→ **WORK ITEM**:
What is needed is an exact copy of the lines in the listing below, from the one with "unfolding split by" up to and including the one with "using lower top", with no other lines.

→ **MATERIAL PROVIDED**:
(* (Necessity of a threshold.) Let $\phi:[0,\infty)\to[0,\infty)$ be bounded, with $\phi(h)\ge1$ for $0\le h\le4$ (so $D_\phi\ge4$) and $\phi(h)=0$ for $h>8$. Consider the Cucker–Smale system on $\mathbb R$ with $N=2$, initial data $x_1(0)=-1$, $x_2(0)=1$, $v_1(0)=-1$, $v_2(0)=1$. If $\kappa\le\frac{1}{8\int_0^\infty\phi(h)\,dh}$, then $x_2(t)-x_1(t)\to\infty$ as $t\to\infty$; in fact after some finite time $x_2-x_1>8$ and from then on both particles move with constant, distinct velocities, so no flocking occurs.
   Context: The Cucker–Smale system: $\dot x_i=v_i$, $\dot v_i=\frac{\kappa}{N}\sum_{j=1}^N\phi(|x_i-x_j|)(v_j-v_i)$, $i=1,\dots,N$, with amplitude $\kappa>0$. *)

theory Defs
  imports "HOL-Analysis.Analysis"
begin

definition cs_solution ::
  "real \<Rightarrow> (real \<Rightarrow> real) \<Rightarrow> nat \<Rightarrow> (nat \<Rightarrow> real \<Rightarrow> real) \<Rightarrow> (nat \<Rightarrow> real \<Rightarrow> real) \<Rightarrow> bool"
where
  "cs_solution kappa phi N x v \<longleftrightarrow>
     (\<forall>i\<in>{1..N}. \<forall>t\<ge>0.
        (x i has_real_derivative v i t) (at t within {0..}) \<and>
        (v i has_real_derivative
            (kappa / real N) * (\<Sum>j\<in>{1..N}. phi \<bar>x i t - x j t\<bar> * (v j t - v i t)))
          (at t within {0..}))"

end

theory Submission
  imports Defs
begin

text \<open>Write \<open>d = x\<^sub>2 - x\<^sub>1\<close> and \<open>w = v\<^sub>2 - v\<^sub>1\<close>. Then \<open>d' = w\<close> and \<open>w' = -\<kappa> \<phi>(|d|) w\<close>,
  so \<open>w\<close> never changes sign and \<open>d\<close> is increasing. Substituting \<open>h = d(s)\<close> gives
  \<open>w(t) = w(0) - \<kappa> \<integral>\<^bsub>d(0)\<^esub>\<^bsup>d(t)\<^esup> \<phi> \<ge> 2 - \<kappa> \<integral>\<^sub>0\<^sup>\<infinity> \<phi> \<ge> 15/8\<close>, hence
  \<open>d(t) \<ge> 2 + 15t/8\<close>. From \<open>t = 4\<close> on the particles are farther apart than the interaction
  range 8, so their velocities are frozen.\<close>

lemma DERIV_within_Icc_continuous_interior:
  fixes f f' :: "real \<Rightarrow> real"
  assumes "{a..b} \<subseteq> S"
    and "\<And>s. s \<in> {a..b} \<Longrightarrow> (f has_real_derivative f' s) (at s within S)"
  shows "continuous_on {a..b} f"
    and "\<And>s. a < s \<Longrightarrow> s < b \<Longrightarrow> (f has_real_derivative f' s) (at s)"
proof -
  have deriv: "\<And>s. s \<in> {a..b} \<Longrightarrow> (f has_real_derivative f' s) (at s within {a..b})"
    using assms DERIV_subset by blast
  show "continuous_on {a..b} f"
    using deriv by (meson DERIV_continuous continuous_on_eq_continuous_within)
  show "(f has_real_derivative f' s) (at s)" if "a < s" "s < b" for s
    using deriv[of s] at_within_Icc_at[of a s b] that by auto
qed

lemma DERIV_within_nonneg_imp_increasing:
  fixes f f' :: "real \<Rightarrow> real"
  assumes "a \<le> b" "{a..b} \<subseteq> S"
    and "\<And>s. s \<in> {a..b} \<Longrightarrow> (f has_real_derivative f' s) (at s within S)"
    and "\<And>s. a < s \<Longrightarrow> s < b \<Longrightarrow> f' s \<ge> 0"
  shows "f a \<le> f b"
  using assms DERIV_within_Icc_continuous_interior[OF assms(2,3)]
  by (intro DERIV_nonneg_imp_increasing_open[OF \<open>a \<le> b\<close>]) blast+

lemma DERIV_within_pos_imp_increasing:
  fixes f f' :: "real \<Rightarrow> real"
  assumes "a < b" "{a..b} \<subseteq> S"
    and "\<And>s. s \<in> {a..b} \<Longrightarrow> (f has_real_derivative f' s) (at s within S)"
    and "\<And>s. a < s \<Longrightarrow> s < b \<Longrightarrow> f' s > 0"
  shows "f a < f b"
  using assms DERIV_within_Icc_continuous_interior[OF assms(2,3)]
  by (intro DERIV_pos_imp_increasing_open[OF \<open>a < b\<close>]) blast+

==

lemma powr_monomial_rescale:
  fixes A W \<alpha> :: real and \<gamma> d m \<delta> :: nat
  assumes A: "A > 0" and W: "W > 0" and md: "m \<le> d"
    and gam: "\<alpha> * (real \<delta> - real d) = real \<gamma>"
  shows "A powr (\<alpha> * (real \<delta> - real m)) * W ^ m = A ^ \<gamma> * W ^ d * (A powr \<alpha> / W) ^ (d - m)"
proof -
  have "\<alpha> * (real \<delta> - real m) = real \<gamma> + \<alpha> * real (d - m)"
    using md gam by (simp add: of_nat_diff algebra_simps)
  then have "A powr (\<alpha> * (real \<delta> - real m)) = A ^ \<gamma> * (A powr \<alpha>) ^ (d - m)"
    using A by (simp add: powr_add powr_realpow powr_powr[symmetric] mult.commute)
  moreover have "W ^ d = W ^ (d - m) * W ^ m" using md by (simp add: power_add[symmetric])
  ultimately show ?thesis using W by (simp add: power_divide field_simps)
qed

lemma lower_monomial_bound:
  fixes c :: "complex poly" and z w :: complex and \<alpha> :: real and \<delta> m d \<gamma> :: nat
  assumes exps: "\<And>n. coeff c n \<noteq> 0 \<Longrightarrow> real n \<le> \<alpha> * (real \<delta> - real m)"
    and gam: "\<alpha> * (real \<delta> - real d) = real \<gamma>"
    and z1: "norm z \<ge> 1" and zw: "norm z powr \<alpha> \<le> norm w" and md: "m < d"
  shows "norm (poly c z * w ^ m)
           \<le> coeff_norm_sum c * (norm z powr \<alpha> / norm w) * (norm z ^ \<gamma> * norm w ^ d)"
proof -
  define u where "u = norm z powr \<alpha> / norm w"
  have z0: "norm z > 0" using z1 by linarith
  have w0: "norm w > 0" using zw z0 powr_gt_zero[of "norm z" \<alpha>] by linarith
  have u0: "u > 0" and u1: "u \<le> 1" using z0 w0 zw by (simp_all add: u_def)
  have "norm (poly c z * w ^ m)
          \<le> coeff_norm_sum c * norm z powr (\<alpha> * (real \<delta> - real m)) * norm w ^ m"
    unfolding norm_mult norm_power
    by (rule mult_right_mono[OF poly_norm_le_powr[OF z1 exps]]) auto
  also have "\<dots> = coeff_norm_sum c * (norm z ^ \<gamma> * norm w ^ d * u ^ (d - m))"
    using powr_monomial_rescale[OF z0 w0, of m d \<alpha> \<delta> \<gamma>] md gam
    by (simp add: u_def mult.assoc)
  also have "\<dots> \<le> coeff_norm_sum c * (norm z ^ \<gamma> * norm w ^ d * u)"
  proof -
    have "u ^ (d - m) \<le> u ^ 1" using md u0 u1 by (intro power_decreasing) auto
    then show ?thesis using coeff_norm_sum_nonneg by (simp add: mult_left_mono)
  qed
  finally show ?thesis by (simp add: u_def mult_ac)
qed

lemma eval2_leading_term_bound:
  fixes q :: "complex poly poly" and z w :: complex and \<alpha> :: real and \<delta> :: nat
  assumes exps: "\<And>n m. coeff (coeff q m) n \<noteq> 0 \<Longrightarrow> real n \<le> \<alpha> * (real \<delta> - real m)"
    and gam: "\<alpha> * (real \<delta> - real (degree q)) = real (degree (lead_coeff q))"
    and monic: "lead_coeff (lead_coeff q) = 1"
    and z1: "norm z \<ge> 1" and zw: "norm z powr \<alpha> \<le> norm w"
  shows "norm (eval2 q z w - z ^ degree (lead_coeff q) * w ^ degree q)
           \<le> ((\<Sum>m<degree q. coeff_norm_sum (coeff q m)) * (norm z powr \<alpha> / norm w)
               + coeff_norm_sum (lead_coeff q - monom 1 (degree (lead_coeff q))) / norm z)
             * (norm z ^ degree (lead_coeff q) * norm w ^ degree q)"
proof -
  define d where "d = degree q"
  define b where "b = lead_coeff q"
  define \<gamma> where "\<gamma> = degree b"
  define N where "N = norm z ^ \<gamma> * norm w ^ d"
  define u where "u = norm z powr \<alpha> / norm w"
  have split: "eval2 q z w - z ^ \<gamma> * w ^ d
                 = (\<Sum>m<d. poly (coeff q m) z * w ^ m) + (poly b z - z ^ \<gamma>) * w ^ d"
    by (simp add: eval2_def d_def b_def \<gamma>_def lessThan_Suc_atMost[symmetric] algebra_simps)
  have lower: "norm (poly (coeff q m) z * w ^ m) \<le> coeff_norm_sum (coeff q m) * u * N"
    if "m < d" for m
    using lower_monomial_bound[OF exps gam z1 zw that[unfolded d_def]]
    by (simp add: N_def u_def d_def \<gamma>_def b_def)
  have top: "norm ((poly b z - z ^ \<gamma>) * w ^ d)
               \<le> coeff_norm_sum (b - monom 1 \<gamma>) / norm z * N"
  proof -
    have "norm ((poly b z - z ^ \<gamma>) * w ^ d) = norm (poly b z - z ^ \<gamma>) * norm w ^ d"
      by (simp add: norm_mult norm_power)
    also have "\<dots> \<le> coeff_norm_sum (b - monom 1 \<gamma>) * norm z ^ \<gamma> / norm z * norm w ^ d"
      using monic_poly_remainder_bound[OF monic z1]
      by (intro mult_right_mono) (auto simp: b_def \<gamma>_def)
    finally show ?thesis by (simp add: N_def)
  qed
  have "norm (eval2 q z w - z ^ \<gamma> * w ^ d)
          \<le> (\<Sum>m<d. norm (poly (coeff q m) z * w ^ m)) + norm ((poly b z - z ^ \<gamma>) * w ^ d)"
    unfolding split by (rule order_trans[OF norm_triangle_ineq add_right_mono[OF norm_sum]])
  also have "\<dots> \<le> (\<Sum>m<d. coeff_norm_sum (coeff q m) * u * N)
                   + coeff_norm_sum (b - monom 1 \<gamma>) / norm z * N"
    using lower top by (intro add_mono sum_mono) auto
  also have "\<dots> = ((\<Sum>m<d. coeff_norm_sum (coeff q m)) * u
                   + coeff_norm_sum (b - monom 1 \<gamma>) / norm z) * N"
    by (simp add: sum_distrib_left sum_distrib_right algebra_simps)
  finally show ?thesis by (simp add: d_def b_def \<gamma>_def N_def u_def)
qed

...

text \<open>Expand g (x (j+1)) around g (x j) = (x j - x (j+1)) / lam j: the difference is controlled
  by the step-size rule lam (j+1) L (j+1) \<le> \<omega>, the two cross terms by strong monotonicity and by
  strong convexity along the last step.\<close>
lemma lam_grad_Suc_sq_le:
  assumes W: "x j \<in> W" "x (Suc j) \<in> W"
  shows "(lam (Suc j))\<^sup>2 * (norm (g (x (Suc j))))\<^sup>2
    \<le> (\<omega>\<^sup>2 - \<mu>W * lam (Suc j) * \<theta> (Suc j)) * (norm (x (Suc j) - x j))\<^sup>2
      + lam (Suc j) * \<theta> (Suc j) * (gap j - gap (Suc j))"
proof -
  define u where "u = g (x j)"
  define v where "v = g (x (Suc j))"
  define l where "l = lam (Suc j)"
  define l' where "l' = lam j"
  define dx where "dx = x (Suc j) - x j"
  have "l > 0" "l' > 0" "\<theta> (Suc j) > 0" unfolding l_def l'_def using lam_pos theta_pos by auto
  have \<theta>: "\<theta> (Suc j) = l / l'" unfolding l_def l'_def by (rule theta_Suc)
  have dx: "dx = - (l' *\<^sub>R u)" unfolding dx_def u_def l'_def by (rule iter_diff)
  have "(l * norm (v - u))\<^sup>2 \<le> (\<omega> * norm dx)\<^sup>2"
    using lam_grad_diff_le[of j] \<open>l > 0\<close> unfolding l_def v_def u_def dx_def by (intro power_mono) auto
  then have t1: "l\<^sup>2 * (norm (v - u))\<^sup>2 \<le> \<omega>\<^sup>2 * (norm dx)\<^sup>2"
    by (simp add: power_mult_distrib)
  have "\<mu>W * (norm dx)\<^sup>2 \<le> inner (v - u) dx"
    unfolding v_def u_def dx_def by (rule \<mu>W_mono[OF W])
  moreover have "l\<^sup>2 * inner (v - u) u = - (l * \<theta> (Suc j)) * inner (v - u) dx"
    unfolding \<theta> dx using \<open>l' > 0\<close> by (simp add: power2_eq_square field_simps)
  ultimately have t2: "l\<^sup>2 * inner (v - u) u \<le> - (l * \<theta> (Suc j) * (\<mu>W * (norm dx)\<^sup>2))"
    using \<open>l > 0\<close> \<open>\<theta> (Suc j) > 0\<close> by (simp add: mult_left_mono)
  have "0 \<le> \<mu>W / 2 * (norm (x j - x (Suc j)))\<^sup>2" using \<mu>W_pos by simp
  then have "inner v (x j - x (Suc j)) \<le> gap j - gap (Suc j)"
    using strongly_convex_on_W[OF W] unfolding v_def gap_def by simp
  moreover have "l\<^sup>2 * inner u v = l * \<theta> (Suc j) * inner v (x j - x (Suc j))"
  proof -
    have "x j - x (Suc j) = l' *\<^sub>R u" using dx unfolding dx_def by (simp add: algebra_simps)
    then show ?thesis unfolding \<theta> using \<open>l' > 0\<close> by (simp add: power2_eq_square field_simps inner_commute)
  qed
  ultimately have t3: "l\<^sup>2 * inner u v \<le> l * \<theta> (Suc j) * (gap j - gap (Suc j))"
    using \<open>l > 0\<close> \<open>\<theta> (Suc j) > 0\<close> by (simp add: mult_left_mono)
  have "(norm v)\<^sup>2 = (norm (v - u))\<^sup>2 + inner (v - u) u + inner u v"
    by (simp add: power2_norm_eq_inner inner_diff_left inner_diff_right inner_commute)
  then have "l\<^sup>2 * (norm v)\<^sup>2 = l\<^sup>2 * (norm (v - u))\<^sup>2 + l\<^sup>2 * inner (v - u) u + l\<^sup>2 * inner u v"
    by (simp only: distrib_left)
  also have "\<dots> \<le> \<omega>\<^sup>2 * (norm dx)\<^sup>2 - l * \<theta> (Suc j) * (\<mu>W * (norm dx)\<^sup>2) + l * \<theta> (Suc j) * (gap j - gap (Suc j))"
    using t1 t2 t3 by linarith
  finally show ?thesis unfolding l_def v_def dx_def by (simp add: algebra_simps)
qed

→ **TASK RESPONSE**:
    unfolding split by (rule order_trans[OF norm_triangle_ineq add_right_mono[OF norm_sum]])
  also have "\<dots> \<le> (\<Sum>m<d. coeff_norm_sum (coeff q m) * u * N)
                   + coeff_norm_sum (b - monom 1 \<gamma>) / norm z * N"
    using lower top by (intro add_mono sum_mono) auto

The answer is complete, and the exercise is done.